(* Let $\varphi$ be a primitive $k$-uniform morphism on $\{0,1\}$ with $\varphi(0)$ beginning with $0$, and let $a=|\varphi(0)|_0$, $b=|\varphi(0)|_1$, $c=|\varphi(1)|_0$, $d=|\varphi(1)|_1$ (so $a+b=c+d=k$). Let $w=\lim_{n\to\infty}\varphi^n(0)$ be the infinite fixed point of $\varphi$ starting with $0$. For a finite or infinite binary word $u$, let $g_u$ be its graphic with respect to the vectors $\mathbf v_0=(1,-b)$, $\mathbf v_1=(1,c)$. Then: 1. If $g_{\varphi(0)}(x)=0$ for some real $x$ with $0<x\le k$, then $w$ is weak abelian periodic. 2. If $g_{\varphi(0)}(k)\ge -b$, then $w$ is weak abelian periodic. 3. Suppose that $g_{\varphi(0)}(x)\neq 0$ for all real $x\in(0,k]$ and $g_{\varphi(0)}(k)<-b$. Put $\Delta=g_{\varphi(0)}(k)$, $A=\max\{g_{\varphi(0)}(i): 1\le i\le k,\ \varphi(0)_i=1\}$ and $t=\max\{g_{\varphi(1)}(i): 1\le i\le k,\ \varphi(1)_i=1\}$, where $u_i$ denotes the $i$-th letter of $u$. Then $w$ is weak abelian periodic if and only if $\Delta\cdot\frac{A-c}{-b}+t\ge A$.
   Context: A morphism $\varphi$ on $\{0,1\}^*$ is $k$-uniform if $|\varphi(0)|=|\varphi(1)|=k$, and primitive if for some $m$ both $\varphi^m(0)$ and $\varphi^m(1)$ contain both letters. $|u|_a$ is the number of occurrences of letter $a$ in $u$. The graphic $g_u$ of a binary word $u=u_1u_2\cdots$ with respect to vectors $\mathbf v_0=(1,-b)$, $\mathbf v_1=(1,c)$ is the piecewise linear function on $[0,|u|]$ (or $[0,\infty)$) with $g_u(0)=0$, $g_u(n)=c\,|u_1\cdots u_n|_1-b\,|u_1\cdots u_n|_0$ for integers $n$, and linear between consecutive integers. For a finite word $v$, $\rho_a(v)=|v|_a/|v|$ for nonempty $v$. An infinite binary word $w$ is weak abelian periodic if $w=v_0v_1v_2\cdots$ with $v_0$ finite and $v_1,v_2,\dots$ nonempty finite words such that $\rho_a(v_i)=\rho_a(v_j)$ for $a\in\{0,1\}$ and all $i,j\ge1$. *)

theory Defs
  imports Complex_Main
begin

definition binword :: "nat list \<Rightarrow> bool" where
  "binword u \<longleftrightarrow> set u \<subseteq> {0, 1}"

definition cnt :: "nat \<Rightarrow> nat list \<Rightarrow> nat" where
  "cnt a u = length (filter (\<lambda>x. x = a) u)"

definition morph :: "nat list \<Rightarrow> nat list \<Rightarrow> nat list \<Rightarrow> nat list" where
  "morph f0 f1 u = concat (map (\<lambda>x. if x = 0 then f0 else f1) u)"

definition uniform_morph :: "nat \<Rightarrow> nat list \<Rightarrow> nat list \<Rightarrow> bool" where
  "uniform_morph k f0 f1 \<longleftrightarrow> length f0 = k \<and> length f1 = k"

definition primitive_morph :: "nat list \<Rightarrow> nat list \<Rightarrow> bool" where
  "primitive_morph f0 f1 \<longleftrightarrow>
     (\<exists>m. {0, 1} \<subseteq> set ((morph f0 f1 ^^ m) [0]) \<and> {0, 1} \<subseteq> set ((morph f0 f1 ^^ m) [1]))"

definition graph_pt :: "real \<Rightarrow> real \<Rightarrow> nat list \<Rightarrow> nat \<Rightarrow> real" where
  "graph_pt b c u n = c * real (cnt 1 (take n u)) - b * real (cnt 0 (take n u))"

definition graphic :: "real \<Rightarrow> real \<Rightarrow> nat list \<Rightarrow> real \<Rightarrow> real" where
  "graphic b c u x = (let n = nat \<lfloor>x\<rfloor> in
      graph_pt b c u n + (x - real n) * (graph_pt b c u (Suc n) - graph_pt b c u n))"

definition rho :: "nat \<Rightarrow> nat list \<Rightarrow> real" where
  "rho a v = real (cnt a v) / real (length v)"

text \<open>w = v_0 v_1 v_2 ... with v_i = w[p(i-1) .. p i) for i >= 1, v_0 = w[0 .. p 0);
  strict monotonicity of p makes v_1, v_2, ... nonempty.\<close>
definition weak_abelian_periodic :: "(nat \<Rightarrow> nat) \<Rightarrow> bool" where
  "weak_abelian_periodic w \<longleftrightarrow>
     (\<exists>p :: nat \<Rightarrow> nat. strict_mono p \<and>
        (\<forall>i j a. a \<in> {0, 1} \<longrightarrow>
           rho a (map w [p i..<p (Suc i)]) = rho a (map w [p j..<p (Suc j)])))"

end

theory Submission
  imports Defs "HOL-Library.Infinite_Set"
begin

▸ **Your goal**: Every line of the listing is to be returned unchanged.

▸ **Reply**:
(* Let $\varphi$ be a primitive $k$-uniform morphism on $\{0,1\}$ with $\varphi(0)$ beginning with $0$, and let $a=|\varphi(0)|_0$, $b=|\varphi(0)|_1$, $c=|\varphi(1)|_0$, $d=|\varphi(1)|_1$ (so $a+b=c+d=k$). Let $w=\lim_{n\to\infty}\varphi^n(0)$ be the infinite fixed point of $\varphi$ starting with $0$. For a finite or infinite binary word $u$, let $g_u$ be its graphic with respect to the vectors $\mathbf v_0=(1,-b)$, $\mathbf v_1=(1,c)$. Then: 1. If $g_{\varphi(0)}(x)=0$ for some real $x$ with $0<x\le k$, then $w$ is weak abelian periodic. 2. If $g_{\varphi(0)}(k)\ge -b$, then $w$ is weak abelian periodic. 3. Suppose that $g_{\varphi(0)}(x)\neq 0$ for all real $x\in(0,k]$ and $g_{\varphi(0)}(k)<-b$. Put $\Delta=g_{\varphi(0)}(k)$, $A=\max\{g_{\varphi(0)}(i): 1\le i\le k,\ \varphi(0)_i=1\}$ and $t=\max\{g_{\varphi(1)}(i): 1\le i\le k,\ \varphi(1)_i=1\}$, where $u_i$ denotes the $i$-th letter of $u$. Then $w$ is weak abelian periodic if and only if $\Delta\cdot\frac{A-c}{-b}+t\ge A$.
   Context: A morphism $\varphi$ on $\{0,1\}^*$ is $k$-uniform if $|\varphi(0)|=|\varphi(1)|=k$, and primitive if for some $m$ both $\varphi^m(0)$ and $\varphi^m(1)$ contain both letters. $|u|_a$ is the number of occurrences of letter $a$ in $u$. The graphic $g_u$ of a binary word $u=u_1u_2\cdots$ with respect to vectors $\mathbf v_0=(1,-b)$, $\mathbf v_1=(1,c)$ is the piecewise linear function on $[0,|u|]$ (or $[0,\infty)$) with $g_u(0)=0$, $g_u(n)=c\,|u_1\cdots u_n|_1-b\,|u_1\cdots u_n|_0$ for integers $n$, and linear between consecutive integers. For a finite word $v$, $\rho_a(v)=|v|_a/|v|$ for nonempty $v$. An infinite binary word $w$ is weak abelian periodic if $w=v_0v_1v_2\cdots$ with $v_0$ finite and $v_1,v_2,\dots$ nonempty finite words such that $\rho_a(v_i)=\rho_a(v_j)$ for $a\in\{0,1\}$ and all $i,j\ge1$. *)

theory Defs
  imports Complex_Main
begin

definition binword :: "nat list \<Rightarrow> bool" where
  "binword u \<longleftrightarrow> set u \<subseteq> {0, 1}"

definition cnt :: "nat \<Rightarrow> nat list \<Rightarrow> nat" where
  "cnt a u = length (filter (\<lambda>x. x = a) u)"

definition morph :: "nat list \<Rightarrow> nat list \<Rightarrow> nat list \<Rightarrow> nat list" where
  "morph f0 f1 u = concat (map (\<lambda>x. if x = 0 then f0 else f1) u)"

definition uniform_morph :: "nat \<Rightarrow> nat list \<Rightarrow> nat list \<Rightarrow> bool" where
  "uniform_morph k f0 f1 \<longleftrightarrow> length f0 = k \<and> length f1 = k"

definition primitive_morph :: "nat list \<Rightarrow> nat list \<Rightarrow> bool" where
  "primitive_morph f0 f1 \<longleftrightarrow>
     (\<exists>m. {0, 1} \<subseteq> set ((morph f0 f1 ^^ m) [0]) \<and> {0, 1} \<subseteq> set ((morph f0 f1 ^^ m) [1]))"

definition graph_pt :: "real \<Rightarrow> real \<Rightarrow> nat list \<Rightarrow> nat \<Rightarrow> real" where
  "graph_pt b c u n = c * real (cnt 1 (take n u)) - b * real (cnt 0 (take n u))"

definition graphic :: "real \<Rightarrow> real \<Rightarrow> nat list \<Rightarrow> real \<Rightarrow> real" where
  "graphic b c u x = (let n = nat \<lfloor>x\<rfloor> in
      graph_pt b c u n + (x - real n) * (graph_pt b c u (Suc n) - graph_pt b c u n))"

definition rho :: "nat \<Rightarrow> nat list \<Rightarrow> real" where
  "rho a v = real (cnt a v) / real (length v)"

text \<open>w = v_0 v_1 v_2 ... with v_i = w[p(i-1) .. p i) for i >= 1, v_0 = w[0 .. p 0);
  strict monotonicity of p makes v_1, v_2, ... nonempty.\<close>
definition weak_abelian_periodic :: "(nat \<Rightarrow> nat) \<Rightarrow> bool" where
  "weak_abelian_periodic w \<longleftrightarrow>
     (\<exists>p :: nat \<Rightarrow> nat. strict_mono p \<and>
        (\<forall>i j a. a \<in> {0, 1} \<longrightarrow>
           rho a (map w [p i..<p (Suc i)]) = rho a (map w [p j..<p (Suc j)])))"

end

theory Submission
  imports Defs "HOL-Library.Infinite_Set"
begin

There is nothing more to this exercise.